MoH Launches Four Tuberculosis Policy Documents To Manage The Disease

by Amref Health Africa

NAIROBI, Kenya, Mar 16 – The Ministry of Health (MoH) on Tuesday launched four Tuberculosis (TB) policy documents which will provide health care workers with interim guidance in managing patients with presumed or Confirmed TB or Covid 19 and follow up.

The launch of the Public-Private Mix Action Plan, Interim COVID-19/TB Management Guide, Integrated TB Leprosy and Lung Disease Guideline, and the Revised Asthma Management Guideline highlight the need for more investment in the management processes.

These key policy documents will provide up-to-date information to Health care workers and managers involved in TB and/or COVID-19 control to provide guidance on TB and COVID-19 bidirectional screening, Diagnosis of TB and COVID-19, Management of patients with TB, COVID-19 and TB-COVID-19, Improve the recording and reporting of COVID-19 and TB patients identified.

Acting Health Director General Patrick Amoth noted that TB and Covid-19 are major public health problems with the virus disproportionately affecting TB services and investments made in its control.

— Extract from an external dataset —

(* In a realisation of a local affine Gaudin model (setting below), let $\mathcal P(z)=\sum_{\alpha\in\Sigma}\sum_{p=0}^{m_\alpha-1}\frac{\mathcal D^\alpha_{[p]}}{(z-z_\alpha)^{p+1}}$ and $\mathcal H(z)=\frac12\int_{\mathbb D}dx\,\kappa\big(\Gamma(z,x),\Gamma(z,x)\big)-\varphi(z)\mathcal P(z)$. Then, as a rational function of $z$, $\mathcal H(z)$ has at each $z_\alpha$ a pole of order at most $m_\alpha$.
   Context: $\mathfrak g$: finite-dimensional simple complex Lie algebra, $\kappa$: minus its Killing form, $C_{12}=I_a\otimes I^a$ for dual bases w.r.t. $\kappa$; $\mathfrak g_0$: real form, fixed points of an antilinear involution $\tau$. $\mathbb D$ is $\mathbb R$ or the circle; $\delta'_{xy}=\partial_x\delta(x-y)$. Data: a finite set of sites $\Sigma=\Sigma_r\sqcup\Sigma_c\sqcup\bar\Sigma_c$ (real sites, complex sites, their conjugates $\bar\alpha$), multiplicities $m_\alpha\ge1$ ($m_{\bar\alpha}=m_\alpha$), levels $\ell^\alpha_{[p]}$, $0\le p\le m_\alpha-1$ (real for real sites, $\ell^{\bar\alpha}_{[p]}=\overline{\ell^\alpha_{[p]}}$), with $\ell^\alpha_{[m_\alpha-1]}\neq0$; pairwise distinct positions $z_\alpha$ (real for real sites, $z_{\bar\alpha}=\overline{z_\alpha}$); a real $\ell^\infty\neq0$. A realisation is a Poisson algebra $\mathcal A$ of local observables of a field theory on $\mathbb D$ containing $\mathfrak g$-valued fields $\mathcal J^\alpha_{[p]}(x)$ with $\{\mathcal J^\alpha_{[p]}{}_1(x),\mathcal J^\beta_{[q]}{}_2(y)\}=\delta_{\alpha\beta}([C_{12},\mathcal J^\alpha_{[p+q]}{}_1(x)]\delta_{xy}-\ell^\alpha_{[p+q]}C_{12}\delta'_{xy})$ if $p+q<m_\alpha$ and $0$ otherwise, with reality conditions $\tau(\mathcal J^\alpha_{[p]})=\mathcal J^\alpha_{[p]}$ (real $\alpha$), $\tau(\mathcal J^\alpha_{[p]})=\mathcal J^{\bar\alpha}_{[p]}$ (complex $\alpha$). Twist function $\varphi(z)=\sum_{\alpha\in\Sigma}\sum_{p=0}^{m_\alpha-1}\frac{\ell^\alpha_{[p]}}{(z-z_\alpha)^{p+1}}-\ell^\infty$; Gaudin Lax matrix $\Gamma(z,x)=\sum_\alpha\sum_p\frac{\mathcal J^\alpha_{[p]}(x)}{(z-z_\alpha)^{p+1}}$. For each $\alpha$, $\eta^\alpha_{[p]}$ ($0\le p\le 2m_\alpha-2$) denotes the unique solution of $\sum_{p=0}^{m_\alpha-1-r}\eta^\alpha_{[p+q]}\ell^\alpha_{[p+r]}=\delta_{q,r}$ for all $q,r\in\{0,\dots,m_\alpha-1\}$, and $\mathcal D^\alpha_{[p]}=\frac12\sum_{q,r=0,\,q+r\ge p}^{m_\alpha-1}\eta^\alpha_{[q+r-p]}\int_{\mathbb D}dx\,\kappa(\mathcal J^\alpha_{[q]}(x),\mathcal J^\alpha_{[r]}(x))$ (generalised Segal-Sugawara integrals). *)

theory Defs
  imports "HOL-Analysis.Analysis"
begin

COVID-19 effects on TB include: Treatment interruption, continued community transmission, Development severe disease increasing risk of post TB complications, Development of drug-resistant TB among others.

“The COVID-19 pandemic threatened years of progress towards control of the TB epidemic. The disruption in the healthcare system caused by the pandemic resulted in a reduction in the number of TB patients diagnosed and a rise in those interrupting treatment,” Amoth said.

“Similarities between TB and COVID-19 present an opportunity to control these diseases in an effective manner without significant additional stress on our health system.”

Expounding on one of the documents, the PPM Action Plan 2021-2023, Ministry of Health Coordinator of TB Prevention and Care Action Plan, Nkirote Mwirigi said that it has three pillars among them effective leadership and stewardship, optimization of delivery, monitoring and evaluation of PPM interventions which will increase the number of private facilities offering TB services. 

“Despite the private sector being autonomous and dynamic, it is crucial for the public and private sector to work together to create a synergy in ending the TB pandemic,” Mwirigi noted. 

The Health DG highlighted the need to promote the Public-Private Mix (PPM) in TB control as the private sector has been shown to account for 48% of health facilities with a significant proportion of people seeking care from these facilities.

“The TB patient pathway analysis of 2016 showed that 42% of patients with TB symptoms access the private sector as the initial point of care. In addition, 27% of the people with TB symptoms seek care from individual private providers who have inadequate engagement with the public system.”

Globally, in 2020, 10 million people developed TB and 1.7 million deaths occurred.

In 2020, the country notified 72,943 TB cases of whom 8% (5,663) were children. The 2016 prevalence survey showed that the country nearly misses 40% of the estimated cases.

Respiratory Society of Kenya, Founder Member Professor Jeremiah Chakaya, lauded the achievements that have been made to date in the fight against TB, he however noted that more needs to be done and urged health professionals to disseminate the guidelines contained in the documents and ensure they are properly adhered to. 

In a quick rejoinder, USAID TB and HIV Specialist Maurice Maina said that USAID has partnered with the government and has already printed and disseminated 4500 copies of TB awareness literature material, trained healthcare workers and even supported the PPM Action plan.

AMREFs Meshack Ndirangu echoed the need for power partnerships, innovation and embracing emerging best practices on TB and lung disease control.

“Reaching all care providers and health care workers to effectively prevent, diagnose and treat TB, Asthma and COVID-19 will require a people-centred approach, with comprehensive and integrated health services that address the needs of the whole person.”